-- DATA TO EXAMINE follows --

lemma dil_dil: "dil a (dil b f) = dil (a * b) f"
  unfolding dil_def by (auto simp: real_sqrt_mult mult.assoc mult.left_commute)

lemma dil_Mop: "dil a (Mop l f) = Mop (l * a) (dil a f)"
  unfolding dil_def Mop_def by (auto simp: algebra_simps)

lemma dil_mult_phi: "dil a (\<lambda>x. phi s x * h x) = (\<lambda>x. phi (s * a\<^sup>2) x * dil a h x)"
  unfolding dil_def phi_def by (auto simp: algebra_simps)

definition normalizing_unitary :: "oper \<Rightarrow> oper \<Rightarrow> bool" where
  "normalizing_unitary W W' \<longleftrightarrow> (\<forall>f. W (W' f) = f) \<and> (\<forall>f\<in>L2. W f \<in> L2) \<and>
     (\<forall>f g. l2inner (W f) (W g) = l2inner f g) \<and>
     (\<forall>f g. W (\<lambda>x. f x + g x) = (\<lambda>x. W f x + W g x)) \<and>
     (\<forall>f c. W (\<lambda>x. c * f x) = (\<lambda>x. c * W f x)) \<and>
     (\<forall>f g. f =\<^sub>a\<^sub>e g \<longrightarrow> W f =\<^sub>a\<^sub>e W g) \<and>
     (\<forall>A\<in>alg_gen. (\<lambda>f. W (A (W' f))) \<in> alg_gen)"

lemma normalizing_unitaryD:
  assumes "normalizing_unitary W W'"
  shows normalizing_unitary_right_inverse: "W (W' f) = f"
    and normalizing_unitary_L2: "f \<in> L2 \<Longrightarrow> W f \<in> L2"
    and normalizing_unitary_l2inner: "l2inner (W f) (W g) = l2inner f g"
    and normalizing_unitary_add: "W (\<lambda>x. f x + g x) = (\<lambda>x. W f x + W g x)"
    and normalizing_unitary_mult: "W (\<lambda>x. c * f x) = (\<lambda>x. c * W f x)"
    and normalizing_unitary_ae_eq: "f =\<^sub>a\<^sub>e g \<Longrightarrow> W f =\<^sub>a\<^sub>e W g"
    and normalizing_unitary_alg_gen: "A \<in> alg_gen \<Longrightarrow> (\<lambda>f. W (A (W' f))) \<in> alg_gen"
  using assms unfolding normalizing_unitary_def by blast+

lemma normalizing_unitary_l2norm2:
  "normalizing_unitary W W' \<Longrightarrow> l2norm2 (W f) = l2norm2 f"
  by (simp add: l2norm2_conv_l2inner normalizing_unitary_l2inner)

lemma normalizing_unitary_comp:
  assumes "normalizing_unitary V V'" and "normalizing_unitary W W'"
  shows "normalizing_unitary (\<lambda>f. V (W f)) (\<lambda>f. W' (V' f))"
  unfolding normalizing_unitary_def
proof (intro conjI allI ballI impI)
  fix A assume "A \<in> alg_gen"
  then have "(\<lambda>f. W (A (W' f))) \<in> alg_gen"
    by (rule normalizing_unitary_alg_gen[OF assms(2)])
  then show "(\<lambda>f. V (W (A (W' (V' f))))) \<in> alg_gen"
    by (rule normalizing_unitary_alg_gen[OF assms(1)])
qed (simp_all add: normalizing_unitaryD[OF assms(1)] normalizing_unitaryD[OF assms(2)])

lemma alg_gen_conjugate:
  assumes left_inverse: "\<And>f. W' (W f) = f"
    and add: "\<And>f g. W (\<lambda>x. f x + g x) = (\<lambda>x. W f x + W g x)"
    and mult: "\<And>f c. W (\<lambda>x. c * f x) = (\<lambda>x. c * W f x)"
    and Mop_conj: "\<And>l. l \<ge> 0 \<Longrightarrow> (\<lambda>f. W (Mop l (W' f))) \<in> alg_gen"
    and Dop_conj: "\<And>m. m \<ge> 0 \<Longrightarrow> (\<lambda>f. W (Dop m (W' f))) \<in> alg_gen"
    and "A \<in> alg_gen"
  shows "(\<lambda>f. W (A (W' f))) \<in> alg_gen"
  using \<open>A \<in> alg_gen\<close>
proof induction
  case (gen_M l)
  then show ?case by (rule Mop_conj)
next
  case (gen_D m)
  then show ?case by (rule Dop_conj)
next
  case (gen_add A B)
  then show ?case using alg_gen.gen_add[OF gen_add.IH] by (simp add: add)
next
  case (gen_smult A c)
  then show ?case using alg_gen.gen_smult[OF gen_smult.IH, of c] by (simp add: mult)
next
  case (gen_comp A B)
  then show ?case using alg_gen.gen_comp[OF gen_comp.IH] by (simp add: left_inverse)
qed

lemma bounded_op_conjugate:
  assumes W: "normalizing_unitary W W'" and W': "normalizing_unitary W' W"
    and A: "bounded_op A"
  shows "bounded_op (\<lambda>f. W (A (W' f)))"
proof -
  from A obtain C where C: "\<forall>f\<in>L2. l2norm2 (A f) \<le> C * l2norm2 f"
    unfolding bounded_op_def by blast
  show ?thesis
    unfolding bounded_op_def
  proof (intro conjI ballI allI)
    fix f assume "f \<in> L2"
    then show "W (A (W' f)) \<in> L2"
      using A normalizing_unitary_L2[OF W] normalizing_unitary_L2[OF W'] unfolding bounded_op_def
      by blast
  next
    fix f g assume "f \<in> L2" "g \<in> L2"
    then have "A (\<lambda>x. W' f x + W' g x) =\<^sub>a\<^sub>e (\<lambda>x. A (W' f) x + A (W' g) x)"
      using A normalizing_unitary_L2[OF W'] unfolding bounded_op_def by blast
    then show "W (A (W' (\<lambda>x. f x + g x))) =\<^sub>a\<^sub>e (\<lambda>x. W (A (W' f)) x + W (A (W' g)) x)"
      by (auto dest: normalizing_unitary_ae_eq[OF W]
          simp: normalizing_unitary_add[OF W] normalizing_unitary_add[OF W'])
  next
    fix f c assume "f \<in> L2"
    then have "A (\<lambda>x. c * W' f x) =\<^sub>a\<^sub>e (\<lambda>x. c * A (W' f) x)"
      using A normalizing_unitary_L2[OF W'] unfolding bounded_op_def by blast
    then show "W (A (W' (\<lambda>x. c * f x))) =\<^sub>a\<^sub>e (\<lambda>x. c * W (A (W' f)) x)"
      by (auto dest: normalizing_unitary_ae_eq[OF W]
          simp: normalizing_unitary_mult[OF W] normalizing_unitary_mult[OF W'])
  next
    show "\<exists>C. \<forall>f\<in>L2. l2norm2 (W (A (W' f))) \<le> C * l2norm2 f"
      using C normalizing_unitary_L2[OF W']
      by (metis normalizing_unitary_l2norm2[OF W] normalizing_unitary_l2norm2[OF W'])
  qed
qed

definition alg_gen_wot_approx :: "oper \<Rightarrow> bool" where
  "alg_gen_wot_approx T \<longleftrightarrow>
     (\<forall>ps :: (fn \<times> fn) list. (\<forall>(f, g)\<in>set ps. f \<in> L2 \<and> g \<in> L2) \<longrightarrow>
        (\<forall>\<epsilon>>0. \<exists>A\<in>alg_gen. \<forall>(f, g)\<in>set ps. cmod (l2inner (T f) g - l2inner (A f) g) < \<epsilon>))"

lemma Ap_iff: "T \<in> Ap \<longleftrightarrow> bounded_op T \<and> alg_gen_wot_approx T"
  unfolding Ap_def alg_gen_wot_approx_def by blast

-- DATA TO EXAMINE concluded --

ABOUT THIS EXERCISE:
Repeat, word for word, every line above.

YOUR SOLUTION:
lemma dil_dil: "dil a (dil b f) = dil (a * b) f"
  unfolding dil_def by (auto simp: real_sqrt_mult mult.assoc mult.left_commute)

lemma dil_Mop: "dil a (Mop l f) = Mop (l * a) (dil a f)"
  unfolding dil_def Mop_def by (auto simp: algebra_simps)

lemma dil_mult_phi: "dil a (\<lambda>x. phi s x * h x) = (\<lambda>x. phi (s * a\<^sup>2) x * dil a h x)"
  unfolding dil_def phi_def by (auto simp: algebra_simps)

definition normalizing_unitary :: "oper \<Rightarrow> oper \<Rightarrow> bool" where
  "normalizing_unitary W W' \<longleftrightarrow> (\<forall>f. W (W' f) = f) \<and> (\<forall>f\<in>L2. W f \<in> L2) \<and>
     (\<forall>f g. l2inner (W f) (W g) = l2inner f g) \<and>
     (\<forall>f g. W (\<lambda>x. f x + g x) = (\<lambda>x. W f x + W g x)) \<and>
     (\<forall>f c. W (\<lambda>x. c * f x) = (\<lambda>x. c * W f x)) \<and>
     (\<forall>f g. f =\<^sub>a\<^sub>e g \<longrightarrow> W f =\<^sub>a\<^sub>e W g) \<and>
     (\<forall>A\<in>alg_gen. (\<lambda>f. W (A (W' f))) \<in> alg_gen)"

lemma normalizing_unitaryD:
  assumes "normalizing_unitary W W'"
  shows normalizing_unitary_right_inverse: "W (W' f) = f"
    and normalizing_unitary_L2: "f \<in> L2 \<Longrightarrow> W f \<in> L2"
    and normalizing_unitary_l2inner: "l2inner (W f) (W g) = l2inner f g"
    and normalizing_unitary_add: "W (\<lambda>x. f x + g x) = (\<lambda>x. W f x + W g x)"
    and normalizing_unitary_mult: "W (\<lambda>x. c * f x) = (\<lambda>x. c * W f x)"
    and normalizing_unitary_ae_eq: "f =\<^sub>a\<^sub>e g \<Longrightarrow> W f =\<^sub>a\<^sub>e W g"
    and normalizing_unitary_alg_gen: "A \<in> alg_gen \<Longrightarrow> (\<lambda>f. W (A (W' f))) \<in> alg_gen"
  using assms unfolding normalizing_unitary_def by blast+

lemma normalizing_unitary_l2norm2:
  "normalizing_unitary W W' \<Longrightarrow> l2norm2 (W f) = l2norm2 f"
  by (simp add: l2norm2_conv_l2inner normalizing_unitary_l2inner)

lemma normalizing_unitary_comp:
  assumes "normalizing_unitary V V'" and "normalizing_unitary W W'"
  shows "normalizing_unitary (\<lambda>f. V (W f)) (\<lambda>f. W' (V' f))"
  unfolding normalizing_unitary_def
proof (intro conjI allI ballI impI)
  fix A assume "A \<in> alg_gen"
  then have "(\<lambda>f. W (A (W' f))) \<in> alg_gen"
    by (rule normalizing_unitary_alg_gen[OF assms(2)])
  then show "(\<lambda>f. V (W (A (W' (V' f))))) \<in> alg_gen"
    by (rule normalizing_unitary_alg_gen[OF assms(1)])
qed (simp_all add: normalizing_unitaryD[OF assms(1)] normalizing_unitaryD[OF assms(2)])

lemma alg_gen_conjugate:
  assumes left_inverse: "\<And>f. W' (W f) = f"
    and add: "\<And>f g. W (\<lambda>x. f x + g x) = (\<lambda>x. W f x + W g x)"
    and mult: "\<And>f c. W (\<lambda>x. c * f x) = (\<lambda>x. c * W f x)"
    and Mop_conj: "\<And>l. l \<ge> 0 \<Longrightarrow> (\<lambda>f. W (Mop l (W' f))) \<in> alg_gen"
    and Dop_conj: "\<And>m. m \<ge> 0 \<Longrightarrow> (\<lambda>f. W (Dop m (W' f))) \<in> alg_gen"
    and "A \<in> alg_gen"
  shows "(\<lambda>f. W (A (W' f))) \<in> alg_gen"
  using \<open>A \<in> alg_gen\<close>
proof induction
  case (gen_M l)
  then show ?case by (rule Mop_conj)
next
  case (gen_D m)
  then show ?case by (rule Dop_conj)
next
  case (gen_add A B)
  then show ?case using alg_gen.gen_add[OF gen_add.IH] by (simp add: add)
next
  case (gen_smult A c)
  then show ?case using alg_gen.gen_smult[OF gen_smult.IH, of c] by (simp add: mult)
next
  case (gen_comp A B)
  then show ?case using alg_gen.gen_comp[OF gen_comp.IH] by (simp add: left_inverse)
qed

lemma bounded_op_conjugate:
  assumes W: "normalizing_unitary W W'" and W': "normalizing_unitary W' W"
    and A: "bounded_op A"
  shows "bounded_op (\<lambda>f. W (A (W' f)))"
proof -
  from A obtain C where C: "\<forall>f\<in>L2. l2norm2 (A f) \<le> C * l2norm2 f"
    unfolding bounded_op_def by blast
  show ?thesis
    unfolding bounded_op_def
  proof (intro conjI ballI allI)
    fix f assume "f \<in> L2"
    then show "W (A (W' f)) \<in> L2"
      using A normalizing_unitary_L2[OF W] normalizing_unitary_L2[OF W'] unfolding bounded_op_def
      by blast
  next
    fix f g assume "f \<in> L2" "g \<in> L2"
    then have "A (\<lambda>x. W' f x + W' g x) =\<^sub>a\<^sub>e (\<lambda>x. A (W' f) x + A (W' g) x)"
      using A normalizing_unitary_L2[OF W'] unfolding bounded_op_def by blast
    then show "W (A (W' (\<lambda>x. f x + g x))) =\<^sub>a\<^sub>e (\<lambda>x. W (A (W' f)) x + W (A (W' g)) x)"
      by (auto dest: normalizing_unitary_ae_eq[OF W]
          simp: normalizing_unitary_add[OF W] normalizing_unitary_add[OF W'])
  next
    fix f c assume "f \<in> L2"
    then have "A (\<lambda>x. c * W' f x) =\<^sub>a\<^sub>e (\<lambda>x. c * A (W' f) x)"
      using A normalizing_unitary_L2[OF W'] unfolding bounded_op_def by blast
    then show "W (A (W' (\<lambda>x. c * f x))) =\<^sub>a\<^sub>e (\<lambda>x. c * W (A (W' f)) x)"
      by (auto dest: normalizing_unitary_ae_eq[OF W]
          simp: normalizing_unitary_mult[OF W] normalizing_unitary_mult[OF W'])
  next
    show "\<exists>C. \<forall>f\<in>L2. l2norm2 (W (A (W' f))) \<le> C * l2norm2 f"
      using C normalizing_unitary_L2[OF W']
      by (metis normalizing_unitary_l2norm2[OF W] normalizing_unitary_l2norm2[OF W'])
  qed
qed

definition alg_gen_wot_approx :: "oper \<Rightarrow> bool" where
  "alg_gen_wot_approx T \<longleftrightarrow>
     (\<forall>ps :: (fn \<times> fn) list. (\<forall>(f, g)\<in>set ps. f \<in> L2 \<and> g \<in> L2) \<longrightarrow>
        (\<forall>\<epsilon>>0. \<exists>A\<in>alg_gen. \<forall>(f, g)\<in>set ps. cmod (l2inner (T f) g - l2inner (A f) g) < \<epsilon>))"

lemma Ap_iff: "T \<in> Ap \<longleftrightarrow> bounded_op T \<and> alg_gen_wot_approx T"
  unfolding Ap_def alg_gen_wot_approx_def by blast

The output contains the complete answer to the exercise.